[Task objective] Look below for the lines from the one with "ts \<Longrightarrow> branch" to the one with "using br[OF i] .", and copy exactly those lines, both ends included.

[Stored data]
lemma unary_code_eq_iff:
  assumes "c0 \<noteq> c1"
  shows "unary_code c0 c1 as = unary_code c0 c1 bs \<longleftrightarrow> as = bs"
proof
  show "unary_code c0 c1 as = unary_code c0 c1 bs \<Longrightarrow> as = bs"
  proof (induction as arbitrary: bs)
    case Nil
    then show ?case by (metis unary_code_eq_Nil_iff)
  next
    case (Cons a as)
    then obtain b bs' where bs: "bs = b # bs'" by (cases bs) auto
    with Cons.prems have "a = b \<and> unary_code c0 c1 as = unary_code c0 c1 bs'"
      by (intro replicate_append_Cons_cancel[OF assms]) simp
    with bs Cons.IH show ?case by simp
  qed
qed simp

lemma unary_code_split:
  assumes "c0 \<noteq> c1" "unary_code c0 c1 bs = xs @ ys" "xs = [] \<or> last xs = c1"
  obtains b1 b2 where "bs = b1 @ b2" "unary_code c0 c1 b1 = xs" "unary_code c0 c1 b2 = ys"
  using assms(2,3)
proof (induction bs arbitrary: xs thesis)
  case Nil
  then show ?case by simp
next
  case (Cons a bs)
  show ?case
  proof (cases "xs = []")
    case True
    then show ?thesis using Cons.prems by (intro Cons.prems(1)[of "[]"]) auto
  next
    case xs_ne: False
    have "(replicate a c0 @ [c1]) @ unary_code c0 c1 bs = xs @ ys"
      using Cons.prems(2) by simp
    then obtain us where
      "replicate a c0 @ [c1] = xs @ us \<and> us @ unary_code c0 c1 bs = ys \<or>
       (replicate a c0 @ [c1]) @ us = xs \<and> unary_code c0 c1 bs = us @ ys"
      by (auto simp only: append_eq_append_conv2)
    then show ?thesis
    proof (elim disjE conjE)
      assume first: "replicate a c0 @ [c1] = xs @ us" and rest: "us @ unary_code c0 c1 bs = ys"
      have "us = []"
        using last_prefix_of_replicate_snoc[OF first[symmetric] xs_ne] Cons.prems(3) xs_ne assms(1)
        by auto
      then show ?thesis using first rest by (intro Cons.prems(1)[of "[a]" bs]) auto
    next
      assume first: "(replicate a c0 @ [c1]) @ us = xs" and rest: "unary_code c0 c1 bs = us @ ys"
      have "us = [] \<or> last us = c1"
        using first Cons.prems(3) xs_ne by (metis last_appendR)
      then obtain b1 b2 where "bs = b1 @ b2" "unary_code c0 c1 b1 = us" "unary_code c0 c1 b2 = ys"
        using Cons.IH rest by blast
      then show ?thesis using first by (intro Cons.prems(1)[of "a # b1" b2]) auto
    qed
  qed
qed
theorem lemma1:
  fixes X S :: "(real^'n) set"
    and U :: "(real^'m) set"
    and f :: "real^'n \<Rightarrow> real^'m \<Rightarrow> real^'n"
    and Fc :: "(real^'n \<Rightarrow> real) set"
    and \<Psi>hat :: "(real^'n \<Rightarrow> real) \<Rightarrow> (real^'n \<Rightarrow> real)"
    and c :: "real^'n \<Rightarrow> real"
    and g :: "real^'n"
    and eNO :: real
  assumes "compact X" and "S \<subseteq> X" and "compact U"
    and "continuous_on (X \<times> U) (\<lambda>(x, u). f x u)"
    and "reachability_assumption f U X S"
    and "cost_space_assumption X Fc"
    and "g \<in> S"
    and "neural_operator X \<Psi>hat"
    and "\<forall>c'\<in>Fc. \<forall>x\<in>S. \<bar>value_fun f U S c' x g - \<Psi>hat c' x\<bar> \<le> eNO"
    and "c \<in> Fc"
  shows "(\<forall>\<epsilon>. \<epsilon> \<in> {1 + 2 * eNO / value_fun f U S c x y | x y. x \<in> S \<and> y \<in> S \<and> x \<noteq> y} \<and>
             (\<forall>z\<in>{1 + 2 * eNO / value_fun f U S c x y | x y. x \<in> S \<and> y \<in> S \<and> x \<noteq> y}. z \<le> \<epsilon>)
           \<longrightarrow> eps_consistent S (value_fun f U S c) (\<Psi>hat c) \<epsilon>)
       \<and> (\<forall>\<epsilon>>1. (\<forall>x\<in>S. \<forall>y\<in>S. x \<noteq> y \<longrightarrow> eNO \<le> (\<epsilon> - 1) * value_fun f U S c x y / 2)
           \<longrightarrow> eps_consistent S (value_fun f U S c) (\<Psi>hat c) \<epsilon>)"
proof -
  let ?V = "value_fun f U S c"
  obtain m where "0 < m" and "\<forall>x\<in>X. m \<le> c x"
    using cost_space_assumption_pos_lower_bound[OF assms(6,10,1)] .
  then have "\<forall>z\<in>S. m \<le> c z"
    using assms(2) by blast
  moreover have "continuous_on S c"
    using cost_space_assumption_continuous_on[OF assms(6,10)] assms(2) by (rule continuous_on_subset)
  ultimately have V_diag: "\<And>x. x \<in> S \<Longrightarrow> 0 \<le> ?V x x"
    and V_pos: "\<And>x y. x \<in> S \<Longrightarrow> y \<in> S \<Longrightarrow> x \<noteq> y \<Longrightarrow> 0 < ?V x y"
    and triangle: "\<And>x y. x \<in> S \<Longrightarrow> y \<in> S \<Longrightarrow> ?V x g \<le> ?V x y + ?V y g"
    using value_fun_quasi_metric[OF assms(1-5)] \<open>0 < m\<close> assms(7) by blast+
  have approx: "\<And>x. x \<in> S \<Longrightarrow> \<bar>?V x g - \<Psi>hat c x\<bar> \<le> eNO"
    using assms(9,10) by blast
  then have "0 \<le> eNO"
    using assms(7) by force
  show ?thesis
  proof (intro conjI allI impI)
    fix \<epsilon>
    assume "\<epsilon> \<in> {1 + 2 * eNO / ?V x y | x y. x \<in> S \<and> y \<in> S \<and> x \<noteq> y} \<and>
      (\<forall>r\<in>{1 + 2 * eNO / ?V x y | x y. x \<in> S \<and> y \<in> S \<and> x \<noteq> y}. r \<le> \<epsilon>)"
    then show "eps_consistent S ?V (\<Psi>hat c) \<epsilon>"
      using eps_consistent_of_max_ratio[where V = ?V and g = g and h = "\<Psi>hat c",
          OF triangle V_diag approx \<open>0 \<le> eNO\<close> V_pos]
      by blast
  next
    fix \<epsilon> :: real
    assume "1 < \<epsilon>" and "\<forall>x\<in>S. \<forall>y\<in>S. x \<noteq> y \<longrightarrow> eNO \<le> (\<epsilon> - 1) * ?V x y / 2"
    then show "eps_consistent S ?V (\<Psi>hat c) \<epsilon>"
      by (intro eps_consistent_of_uniform_approx[where V = ?V and g = g and h = "\<Psi>hat c",
          OF triangle V_diag approx]) (auto simp: mult.commute)
  qed
qed

end
lemma planted_labellings_Node_iff:
  "f \<in> planted_labellings (Node ts) a \<longleftrightarrow>
     (\<forall>p. p \<notin> edges (Node ts) \<longrightarrow> f p = 0) \<and>
     (\<forall>i < length ts. a \<le> f [i] \<and> branch i f \<in> planted_labellings (ts ! i) (f [i]))"
  (is "?lhs \<longleftrightarrow> ?zero \<and> ?branches")
proof
  assume ?lhs
  then have zero: ?zero
    and mono: "\<And>p j. p \<in> edges (Node ts) \<Longrightarrow> p @ [j] \<in> edges (Node ts) \<Longrightarrow> f p \<le> f (p @ [j])"
    and leaf: "\<And>p c. p \<in> edges (Node ts) \<Longrightarrow> subtree_at (Node ts) p = Some (Leaf c) \<Longrightarrow> f p \<le> c"
    and top: "\<And>i. i < length ts \<Longrightarrow> a \<le> f [i]"
    by (auto simp: planted_labellings_def LS_labellings_def)
  have "branch i f \<in> planted_labellings (ts ! i) (f [i])" if i: "i < length ts" for i
  proof -
    have "fits_capacity (ts ! i) (f [i])"
      using leaf[of "[i]"] i by (cases "ts ! i") auto
    moreover have "f [i] \<le> branch i f [j]" if "[j] \<in> edges (ts ! i)" for j
      using mono[of "[i]" j] i that by (simp add: branch_def)
    ultimately show ?thesis
      using zero mono[of "i # _"] leaf[of "i # _"] i
      by (auto simp: planted_labellings_def LS_labellings_def branch_def)
  qed
  then show "?zero \<and> ?branches"
    using zero top by blast
next
  assume "?zero \<and> ?branches"
  then have zero: ?zero
    and top: "\<And>i. i < length ts \<Longrightarrow> a \<le> f [i]"
    and br: "\<And>i. i < length ts \<Longrightarrow> branch i f \<in> planted_labellings (ts ! i) (f [i])"
    by auto
  have "(\<forall>j. p @ [j] \<in> edges (Node ts) \<longrightarrow> f p \<le> f (p @ [j]))
      \<and> (\<forall>c. subtree_at (Node ts) p = Some (Leaf c) \<longrightarrow> f p \<le> c)"
    if p: "p \<in> edges (Node ts)" for p
  proof -
    obtain i p' where p_eq: "p = i # p'" and i: "i < length ts"
      using p by (cases p) auto
    have "branch i f \<in> planted_labellings (ts ! i) (f [i])"
      using br[OF i] .
    then show ?thesis
      using that p_eq i
      by (cases "p' = []") (auto simp: planted_labellings_def LS_labellings_def branch_def)
  qed
  then show ?lhs
    using zero top by (auto simp: planted_labellings_def LS_labellings_def)
qed

lemma planted_labellings_zero: "f \<in> planted_labellings t v \<Longrightarrow> p \<notin> edges t \<Longrightarrow> f p = 0"
  by (simp add: planted_labellings_def LS_labellings_def)

definition plant :: "nat \<Rightarrow> (nat list \<Rightarrow> nat) \<Rightarrow> nat list \<Rightarrow> nat" where
  "plant v g p = (case p of [] \<Rightarrow> 0 | i # p' \<Rightarrow> if i = 0 then (if p' = [] then v else g p') else 0)"

lemma plant_simps [simp]:
  "plant v g [] = 0"
  "plant v g [i] = (if i = 0 then v else 0)"
  "plant v g (Suc i # p) = 0"
  by (simp_all add: plant_def)

lemma branch_plant: "g [] = 0 \<Longrightarrow> branch 0 (plant v g) = g"
  by (auto simp: branch_def plant_def)

lemma bij_betw_plant:
  "bij_betw (\<lambda>(v, g). plant v g)
     (SIGMA v:{a..}. planted_labellings s v) (planted_labellings (Node [s]) a)"
proof (rule bij_betw_byWitness[where f' = "\<lambda>f. (f [0], branch 0 f)"])
  have g_Nil: "g [] = 0" if "g \<in> planted_labellings s v" for g v
    using planted_labellings_zero[OF that] by simp
  show "\<forall>x\<in>SIGMA v:{a..}. planted_labellings s v. (\<lambda>f. (f [0], branch 0 f)) ((\<lambda>(v, g). plant v g) x) = x"
    by (auto simp: branch_plant g_Nil)
  show "\<forall>f\<in>planted_labellings (Node [s]) a. (\<lambda>(v, g). plant v g) (f [0], branch 0 f) = f"
  proof
    fix f assume f: "f \<in> planted_labellings (Node [s]) a"
    show "(\<lambda>(v, g). plant v g) (f [0], branch 0 f) = f"
    proof
      fix p
      show "(\<lambda>(v, g). plant v g) (f [0], branch 0 f) p = f p"
        using planted_labellings_zero[OF f, of p]
        by (cases p) (auto simp: plant_def branch_def)
    qed
  qed
  show "(\<lambda>(v, g). plant v g) ` (SIGMA v:{a..}. planted_labellings s v) \<subseteq> planted_labellings (Node [s]) a"
  proof (rule image_subsetI)
    fix x assume "x \<in> (SIGMA v:{a..}. planted_labellings s v)"
    then obtain v g where x: "x = (v, g)" and v: "a \<le> v" and g: "g \<in> planted_labellings s v"
      by auto
    have "plant v g p = 0" if "p \<notin> edges (Node [s])" for p
      using that planted_labellings_zero[OF g] by (cases p) (auto simp: plant_def)
    then show "(\<lambda>(v, g). plant v g) x \<in> planted_labellings (Node [s]) a"
      using x v g by (simp add: planted_labellings_Node_iff branch_plant g_Nil)
  qed
  show "(\<lambda>f. (f [0], branch 0 f)) ` planted_labellings (Node [s]) a \<subseteq> (SIGMA v:{a..}. planted_labellings s v)"
    by (auto simp: planted_labellings_Node_iff)
qed

lemma label_sum_plant: "label_sum (Node [s]) (plant v g) = v + label_sum s g"
proof -
  have "(\<Sum>p\<in>(#) 0 ` edges s. plant v g p) = (\<Sum>p\<in>edges s. g p)"
    by (subst sum.reindex) (auto intro!: sum.cong simp: plant_def)
  moreover have "[0] \<notin> (#) 0 ` edges s"
    by auto
  ultimately show ?thesis
    by (simp add: label_sum_def edges_Node_single)
qed

definition join :: "(nat list \<Rightarrow> nat) \<Rightarrow> (nat list \<Rightarrow> nat) \<Rightarrow> nat list \<Rightarrow> nat" where
  "join g h p = (case p of [] \<Rightarrow> 0 | 0 # p' \<Rightarrow> g p | Suc i # p' \<Rightarrow> h (i # p'))"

[Task output]
    and br: "\<And>i. i < length ts \<Longrightarrow> branch i f \<in> planted_labellings (ts ! i) (f [i])"
    by auto
  have "(\<forall>j. p @ [j] \<in> edges (Node ts) \<longrightarrow> f p \<le> f (p @ [j]))
      \<and> (\<forall>c. subtree_at (Node ts) p = Some (Leaf c) \<longrightarrow> f p \<le> c)"
    if p: "p \<in> edges (Node ts)" for p
  proof -
    obtain i p' where p_eq: "p = i # p'" and i: "i < length ts"
      using p by (cases p) auto
    have "branch i f \<in> planted_labellings (ts ! i) (f [i])"
      using br[OF i] .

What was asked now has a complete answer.